> _What you are asked to do_
Your answer should be every line of the records that contains the word "fixes".

> _Data_

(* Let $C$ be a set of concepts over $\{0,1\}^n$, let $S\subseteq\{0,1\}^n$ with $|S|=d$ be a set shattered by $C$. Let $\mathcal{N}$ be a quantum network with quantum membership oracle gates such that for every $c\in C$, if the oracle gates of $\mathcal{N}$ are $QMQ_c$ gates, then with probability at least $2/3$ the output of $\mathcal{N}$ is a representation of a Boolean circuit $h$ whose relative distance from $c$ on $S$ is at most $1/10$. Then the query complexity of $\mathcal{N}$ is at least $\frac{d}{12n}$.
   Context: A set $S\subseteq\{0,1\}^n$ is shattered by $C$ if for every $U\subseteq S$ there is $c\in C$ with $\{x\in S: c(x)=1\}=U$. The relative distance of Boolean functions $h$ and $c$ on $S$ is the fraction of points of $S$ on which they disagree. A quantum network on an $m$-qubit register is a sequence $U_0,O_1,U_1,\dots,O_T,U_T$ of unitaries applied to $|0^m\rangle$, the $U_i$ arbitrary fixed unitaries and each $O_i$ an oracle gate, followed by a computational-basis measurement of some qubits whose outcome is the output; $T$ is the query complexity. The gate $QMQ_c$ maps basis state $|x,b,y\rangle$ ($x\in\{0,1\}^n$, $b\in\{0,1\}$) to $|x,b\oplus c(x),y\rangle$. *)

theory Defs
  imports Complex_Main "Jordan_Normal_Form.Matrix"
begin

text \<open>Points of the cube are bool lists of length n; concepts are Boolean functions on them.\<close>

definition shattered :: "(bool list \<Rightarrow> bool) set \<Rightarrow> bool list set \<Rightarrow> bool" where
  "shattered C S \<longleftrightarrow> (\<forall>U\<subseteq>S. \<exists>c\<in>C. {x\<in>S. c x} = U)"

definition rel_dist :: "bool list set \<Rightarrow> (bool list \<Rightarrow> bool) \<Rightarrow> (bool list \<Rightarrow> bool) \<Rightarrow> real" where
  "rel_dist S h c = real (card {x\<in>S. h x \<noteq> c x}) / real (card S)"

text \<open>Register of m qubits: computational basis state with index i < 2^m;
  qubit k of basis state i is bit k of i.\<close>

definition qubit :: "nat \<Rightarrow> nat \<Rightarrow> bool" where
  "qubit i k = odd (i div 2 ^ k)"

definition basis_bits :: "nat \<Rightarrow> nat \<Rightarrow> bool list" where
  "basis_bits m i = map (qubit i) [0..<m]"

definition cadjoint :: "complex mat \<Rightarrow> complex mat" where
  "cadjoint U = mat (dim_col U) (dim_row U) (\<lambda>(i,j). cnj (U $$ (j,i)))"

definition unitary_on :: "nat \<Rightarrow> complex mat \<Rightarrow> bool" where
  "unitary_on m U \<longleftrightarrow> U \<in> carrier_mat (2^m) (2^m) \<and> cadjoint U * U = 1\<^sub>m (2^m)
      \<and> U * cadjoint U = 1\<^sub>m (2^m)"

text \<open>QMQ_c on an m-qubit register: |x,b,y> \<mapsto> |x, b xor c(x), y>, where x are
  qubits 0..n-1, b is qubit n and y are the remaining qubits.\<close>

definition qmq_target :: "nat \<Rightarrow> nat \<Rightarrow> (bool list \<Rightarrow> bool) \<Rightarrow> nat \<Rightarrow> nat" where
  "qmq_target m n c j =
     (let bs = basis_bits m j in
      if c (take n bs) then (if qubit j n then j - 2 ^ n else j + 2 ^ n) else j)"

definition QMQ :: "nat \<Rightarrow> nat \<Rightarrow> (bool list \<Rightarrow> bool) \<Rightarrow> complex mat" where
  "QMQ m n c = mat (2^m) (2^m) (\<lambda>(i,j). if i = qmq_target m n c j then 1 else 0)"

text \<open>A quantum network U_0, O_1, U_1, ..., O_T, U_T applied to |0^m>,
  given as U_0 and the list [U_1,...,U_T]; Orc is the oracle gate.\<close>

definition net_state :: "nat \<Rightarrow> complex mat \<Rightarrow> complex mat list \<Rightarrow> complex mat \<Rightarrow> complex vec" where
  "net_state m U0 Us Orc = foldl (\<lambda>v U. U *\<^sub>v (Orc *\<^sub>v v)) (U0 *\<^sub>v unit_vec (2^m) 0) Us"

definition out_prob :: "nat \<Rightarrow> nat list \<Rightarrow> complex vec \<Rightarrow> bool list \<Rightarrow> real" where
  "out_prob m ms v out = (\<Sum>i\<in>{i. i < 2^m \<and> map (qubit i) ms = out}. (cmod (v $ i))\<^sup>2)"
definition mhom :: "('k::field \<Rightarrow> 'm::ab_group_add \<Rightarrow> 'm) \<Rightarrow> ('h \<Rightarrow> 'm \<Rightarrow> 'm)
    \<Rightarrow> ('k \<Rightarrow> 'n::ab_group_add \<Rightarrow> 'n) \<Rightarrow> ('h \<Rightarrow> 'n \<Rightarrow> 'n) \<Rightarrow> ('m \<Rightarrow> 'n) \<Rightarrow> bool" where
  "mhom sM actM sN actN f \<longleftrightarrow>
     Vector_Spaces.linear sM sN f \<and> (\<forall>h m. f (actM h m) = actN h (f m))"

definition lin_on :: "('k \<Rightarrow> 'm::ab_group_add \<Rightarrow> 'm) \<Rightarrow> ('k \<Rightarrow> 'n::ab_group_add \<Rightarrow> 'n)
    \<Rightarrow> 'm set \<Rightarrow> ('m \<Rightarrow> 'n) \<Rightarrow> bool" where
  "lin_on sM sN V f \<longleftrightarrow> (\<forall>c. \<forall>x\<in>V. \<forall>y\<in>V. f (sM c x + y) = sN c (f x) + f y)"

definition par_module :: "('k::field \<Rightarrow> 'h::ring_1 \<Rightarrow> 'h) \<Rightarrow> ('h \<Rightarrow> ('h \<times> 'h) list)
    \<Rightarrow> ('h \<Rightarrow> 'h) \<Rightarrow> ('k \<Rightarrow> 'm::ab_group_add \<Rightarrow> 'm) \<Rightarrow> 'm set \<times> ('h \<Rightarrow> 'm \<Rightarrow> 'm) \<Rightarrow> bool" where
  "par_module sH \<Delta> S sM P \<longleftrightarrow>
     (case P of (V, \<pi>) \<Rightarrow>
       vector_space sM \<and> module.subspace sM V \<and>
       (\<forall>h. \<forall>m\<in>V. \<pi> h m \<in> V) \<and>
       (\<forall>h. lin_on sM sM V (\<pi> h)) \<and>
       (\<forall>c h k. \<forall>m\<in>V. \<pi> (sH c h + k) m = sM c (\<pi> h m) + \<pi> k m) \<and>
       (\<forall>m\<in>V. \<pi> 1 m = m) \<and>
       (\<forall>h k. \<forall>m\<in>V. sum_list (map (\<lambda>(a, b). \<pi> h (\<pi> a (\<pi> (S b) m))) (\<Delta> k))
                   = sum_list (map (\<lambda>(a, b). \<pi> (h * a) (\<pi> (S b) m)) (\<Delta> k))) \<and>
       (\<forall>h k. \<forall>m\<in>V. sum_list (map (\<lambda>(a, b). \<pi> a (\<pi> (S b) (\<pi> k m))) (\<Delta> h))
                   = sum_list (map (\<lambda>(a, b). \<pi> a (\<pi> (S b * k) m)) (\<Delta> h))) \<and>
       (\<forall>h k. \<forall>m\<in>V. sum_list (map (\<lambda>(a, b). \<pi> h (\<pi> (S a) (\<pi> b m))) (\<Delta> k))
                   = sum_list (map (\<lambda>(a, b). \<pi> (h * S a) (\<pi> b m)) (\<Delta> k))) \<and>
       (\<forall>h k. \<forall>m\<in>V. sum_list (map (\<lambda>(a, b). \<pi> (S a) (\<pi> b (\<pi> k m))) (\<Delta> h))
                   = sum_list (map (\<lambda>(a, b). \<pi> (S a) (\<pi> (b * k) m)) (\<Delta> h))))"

...

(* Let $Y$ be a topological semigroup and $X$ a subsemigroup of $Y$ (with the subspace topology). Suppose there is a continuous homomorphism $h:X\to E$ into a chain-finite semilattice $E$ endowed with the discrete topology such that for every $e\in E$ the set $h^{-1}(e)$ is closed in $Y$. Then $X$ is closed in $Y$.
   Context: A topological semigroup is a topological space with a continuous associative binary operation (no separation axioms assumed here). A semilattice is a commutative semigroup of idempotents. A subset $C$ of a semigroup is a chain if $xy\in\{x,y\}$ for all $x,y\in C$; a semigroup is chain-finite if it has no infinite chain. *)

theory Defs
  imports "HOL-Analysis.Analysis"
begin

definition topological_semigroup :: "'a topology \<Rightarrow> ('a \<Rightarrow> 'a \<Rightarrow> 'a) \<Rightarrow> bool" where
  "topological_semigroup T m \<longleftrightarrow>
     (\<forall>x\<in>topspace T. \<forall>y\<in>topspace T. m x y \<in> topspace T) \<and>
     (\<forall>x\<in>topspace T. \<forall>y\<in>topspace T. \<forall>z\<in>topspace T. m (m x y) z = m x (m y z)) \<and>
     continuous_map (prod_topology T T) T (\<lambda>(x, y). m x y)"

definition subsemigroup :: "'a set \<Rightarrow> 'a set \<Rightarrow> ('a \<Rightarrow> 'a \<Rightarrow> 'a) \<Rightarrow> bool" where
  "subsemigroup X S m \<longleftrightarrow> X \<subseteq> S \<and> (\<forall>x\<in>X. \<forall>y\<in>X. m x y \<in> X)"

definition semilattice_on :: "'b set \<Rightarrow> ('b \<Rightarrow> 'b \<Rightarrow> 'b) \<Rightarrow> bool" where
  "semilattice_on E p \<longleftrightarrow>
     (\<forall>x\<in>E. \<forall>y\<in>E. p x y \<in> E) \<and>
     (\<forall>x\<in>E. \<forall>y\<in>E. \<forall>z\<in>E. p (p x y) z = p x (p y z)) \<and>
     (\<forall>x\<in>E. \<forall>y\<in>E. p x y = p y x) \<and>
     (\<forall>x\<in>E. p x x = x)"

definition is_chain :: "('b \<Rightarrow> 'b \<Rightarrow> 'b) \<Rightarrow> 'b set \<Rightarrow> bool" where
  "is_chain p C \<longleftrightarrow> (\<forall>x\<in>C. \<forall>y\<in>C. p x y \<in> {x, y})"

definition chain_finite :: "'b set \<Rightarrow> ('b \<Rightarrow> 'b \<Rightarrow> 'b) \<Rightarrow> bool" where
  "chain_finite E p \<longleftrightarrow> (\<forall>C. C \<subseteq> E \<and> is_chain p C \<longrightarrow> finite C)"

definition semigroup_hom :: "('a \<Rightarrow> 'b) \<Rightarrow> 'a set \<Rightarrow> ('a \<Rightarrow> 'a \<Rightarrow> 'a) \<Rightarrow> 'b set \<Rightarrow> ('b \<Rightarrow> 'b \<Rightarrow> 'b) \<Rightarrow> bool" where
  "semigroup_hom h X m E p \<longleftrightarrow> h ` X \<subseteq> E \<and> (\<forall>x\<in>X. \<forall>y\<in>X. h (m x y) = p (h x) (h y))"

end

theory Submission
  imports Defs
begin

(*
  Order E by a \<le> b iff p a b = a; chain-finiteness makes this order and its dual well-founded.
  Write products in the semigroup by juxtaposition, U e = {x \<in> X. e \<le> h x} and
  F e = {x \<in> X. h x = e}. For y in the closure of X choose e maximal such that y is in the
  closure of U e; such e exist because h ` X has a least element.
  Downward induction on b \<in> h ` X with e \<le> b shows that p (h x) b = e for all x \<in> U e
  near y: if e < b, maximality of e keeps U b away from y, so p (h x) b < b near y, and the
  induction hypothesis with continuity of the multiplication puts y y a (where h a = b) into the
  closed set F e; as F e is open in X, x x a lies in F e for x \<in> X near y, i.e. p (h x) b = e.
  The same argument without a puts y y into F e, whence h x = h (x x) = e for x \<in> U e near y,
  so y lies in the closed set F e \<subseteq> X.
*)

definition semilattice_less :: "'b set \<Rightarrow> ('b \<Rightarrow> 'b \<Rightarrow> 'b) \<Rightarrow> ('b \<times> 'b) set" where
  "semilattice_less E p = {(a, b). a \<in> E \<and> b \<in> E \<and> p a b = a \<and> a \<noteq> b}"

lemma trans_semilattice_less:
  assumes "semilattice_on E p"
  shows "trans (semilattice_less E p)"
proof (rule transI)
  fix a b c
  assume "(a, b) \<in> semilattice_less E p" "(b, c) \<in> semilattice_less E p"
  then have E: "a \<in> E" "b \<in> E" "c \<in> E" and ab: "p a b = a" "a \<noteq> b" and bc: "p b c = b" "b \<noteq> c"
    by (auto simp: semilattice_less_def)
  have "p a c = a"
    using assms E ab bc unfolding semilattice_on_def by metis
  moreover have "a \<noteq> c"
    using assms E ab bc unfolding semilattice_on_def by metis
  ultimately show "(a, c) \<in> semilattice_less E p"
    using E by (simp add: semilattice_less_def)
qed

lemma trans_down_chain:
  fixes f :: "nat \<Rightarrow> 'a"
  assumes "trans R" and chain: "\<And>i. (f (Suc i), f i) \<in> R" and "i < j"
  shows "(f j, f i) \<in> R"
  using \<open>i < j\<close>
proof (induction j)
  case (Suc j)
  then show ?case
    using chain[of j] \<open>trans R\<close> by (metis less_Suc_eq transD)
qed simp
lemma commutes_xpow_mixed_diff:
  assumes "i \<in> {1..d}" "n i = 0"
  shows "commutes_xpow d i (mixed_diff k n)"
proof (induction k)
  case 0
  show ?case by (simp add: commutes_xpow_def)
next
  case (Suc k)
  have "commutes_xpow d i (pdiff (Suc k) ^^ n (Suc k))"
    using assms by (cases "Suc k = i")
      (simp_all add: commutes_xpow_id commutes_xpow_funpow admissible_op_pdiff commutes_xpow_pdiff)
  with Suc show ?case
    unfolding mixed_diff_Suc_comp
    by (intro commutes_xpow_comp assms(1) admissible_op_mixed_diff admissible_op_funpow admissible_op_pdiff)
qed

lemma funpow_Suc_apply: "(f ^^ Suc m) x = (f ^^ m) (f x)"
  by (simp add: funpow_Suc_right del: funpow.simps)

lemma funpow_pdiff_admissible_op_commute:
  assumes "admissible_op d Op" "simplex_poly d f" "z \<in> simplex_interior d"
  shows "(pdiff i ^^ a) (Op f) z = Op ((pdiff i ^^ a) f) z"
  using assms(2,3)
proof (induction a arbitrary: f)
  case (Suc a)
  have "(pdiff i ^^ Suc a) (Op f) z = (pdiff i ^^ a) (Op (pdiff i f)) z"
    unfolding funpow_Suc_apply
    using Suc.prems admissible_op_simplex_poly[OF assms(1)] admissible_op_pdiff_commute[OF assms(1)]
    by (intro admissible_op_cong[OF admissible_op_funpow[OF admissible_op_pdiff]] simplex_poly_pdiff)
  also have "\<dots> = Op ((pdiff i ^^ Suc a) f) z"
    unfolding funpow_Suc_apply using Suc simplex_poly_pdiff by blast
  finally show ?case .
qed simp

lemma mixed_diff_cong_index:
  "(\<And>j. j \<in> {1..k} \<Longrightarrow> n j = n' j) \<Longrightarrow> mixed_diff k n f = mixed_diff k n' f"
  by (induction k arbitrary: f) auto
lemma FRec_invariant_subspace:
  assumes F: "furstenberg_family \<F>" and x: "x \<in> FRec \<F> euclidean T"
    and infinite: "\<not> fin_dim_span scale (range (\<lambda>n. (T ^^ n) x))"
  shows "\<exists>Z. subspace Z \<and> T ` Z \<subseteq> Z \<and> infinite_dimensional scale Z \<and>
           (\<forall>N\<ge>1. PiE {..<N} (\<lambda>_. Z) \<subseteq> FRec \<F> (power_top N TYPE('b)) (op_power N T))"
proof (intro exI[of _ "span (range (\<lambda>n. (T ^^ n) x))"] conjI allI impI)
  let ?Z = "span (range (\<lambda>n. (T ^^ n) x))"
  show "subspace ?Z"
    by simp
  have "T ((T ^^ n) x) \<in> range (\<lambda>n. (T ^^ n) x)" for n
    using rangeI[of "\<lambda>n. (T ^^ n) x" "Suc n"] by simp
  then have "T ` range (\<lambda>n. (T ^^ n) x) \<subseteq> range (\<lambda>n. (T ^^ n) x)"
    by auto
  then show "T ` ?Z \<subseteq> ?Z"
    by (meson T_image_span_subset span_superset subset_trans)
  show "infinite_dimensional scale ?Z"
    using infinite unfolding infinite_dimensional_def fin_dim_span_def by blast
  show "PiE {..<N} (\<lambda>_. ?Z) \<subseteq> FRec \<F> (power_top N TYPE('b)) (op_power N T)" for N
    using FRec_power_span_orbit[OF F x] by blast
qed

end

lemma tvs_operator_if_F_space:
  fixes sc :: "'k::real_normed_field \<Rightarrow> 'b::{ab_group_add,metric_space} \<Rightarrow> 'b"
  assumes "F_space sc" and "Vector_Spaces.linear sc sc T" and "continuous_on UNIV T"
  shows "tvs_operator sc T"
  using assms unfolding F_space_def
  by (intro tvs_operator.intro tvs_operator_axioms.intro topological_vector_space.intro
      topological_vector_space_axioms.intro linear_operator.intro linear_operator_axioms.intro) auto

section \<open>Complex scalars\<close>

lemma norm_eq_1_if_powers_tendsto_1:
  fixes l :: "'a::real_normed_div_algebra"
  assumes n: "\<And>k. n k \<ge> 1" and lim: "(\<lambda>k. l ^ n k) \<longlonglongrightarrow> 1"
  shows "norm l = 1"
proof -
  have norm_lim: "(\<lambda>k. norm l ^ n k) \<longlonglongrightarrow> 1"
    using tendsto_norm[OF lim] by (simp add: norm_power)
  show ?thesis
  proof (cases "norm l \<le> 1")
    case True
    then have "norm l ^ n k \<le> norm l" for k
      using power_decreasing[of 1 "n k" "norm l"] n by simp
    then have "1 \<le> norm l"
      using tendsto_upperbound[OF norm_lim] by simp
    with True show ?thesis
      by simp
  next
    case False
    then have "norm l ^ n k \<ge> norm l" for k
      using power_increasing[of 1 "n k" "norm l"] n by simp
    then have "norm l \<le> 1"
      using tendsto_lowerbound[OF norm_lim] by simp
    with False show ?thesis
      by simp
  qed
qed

* * *

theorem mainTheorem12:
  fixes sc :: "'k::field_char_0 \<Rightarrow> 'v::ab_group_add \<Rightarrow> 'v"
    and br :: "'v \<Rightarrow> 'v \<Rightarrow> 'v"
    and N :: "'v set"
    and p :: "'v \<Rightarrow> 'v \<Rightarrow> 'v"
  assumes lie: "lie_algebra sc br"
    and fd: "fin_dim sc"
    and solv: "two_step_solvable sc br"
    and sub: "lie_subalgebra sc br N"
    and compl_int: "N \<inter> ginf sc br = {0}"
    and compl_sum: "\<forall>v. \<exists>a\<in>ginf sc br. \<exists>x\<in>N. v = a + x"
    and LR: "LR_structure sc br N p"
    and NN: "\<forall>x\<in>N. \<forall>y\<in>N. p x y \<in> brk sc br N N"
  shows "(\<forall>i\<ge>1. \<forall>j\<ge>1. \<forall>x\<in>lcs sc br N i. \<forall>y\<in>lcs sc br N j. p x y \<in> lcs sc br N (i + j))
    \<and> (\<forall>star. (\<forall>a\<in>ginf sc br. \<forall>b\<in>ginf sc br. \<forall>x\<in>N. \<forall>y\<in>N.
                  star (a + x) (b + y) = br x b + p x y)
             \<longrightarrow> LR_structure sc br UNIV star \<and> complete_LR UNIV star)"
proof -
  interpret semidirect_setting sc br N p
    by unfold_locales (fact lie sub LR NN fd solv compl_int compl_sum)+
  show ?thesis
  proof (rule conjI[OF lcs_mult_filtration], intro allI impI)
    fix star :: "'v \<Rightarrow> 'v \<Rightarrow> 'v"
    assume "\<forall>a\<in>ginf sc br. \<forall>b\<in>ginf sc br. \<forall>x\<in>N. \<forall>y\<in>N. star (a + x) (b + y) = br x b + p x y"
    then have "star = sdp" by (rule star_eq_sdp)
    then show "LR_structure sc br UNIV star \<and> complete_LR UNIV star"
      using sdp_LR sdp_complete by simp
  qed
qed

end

> _Answer for this exercise_
  fixes f :: "nat \<Rightarrow> 'a"
  fixes sc :: "'k::real_normed_field \<Rightarrow> 'b::{ab_group_add,metric_space} \<Rightarrow> 'b"
  fixes l :: "'a::real_normed_div_algebra"
  fixes sc :: "'k::field_char_0 \<Rightarrow> 'v::ab_group_add \<Rightarrow> 'v"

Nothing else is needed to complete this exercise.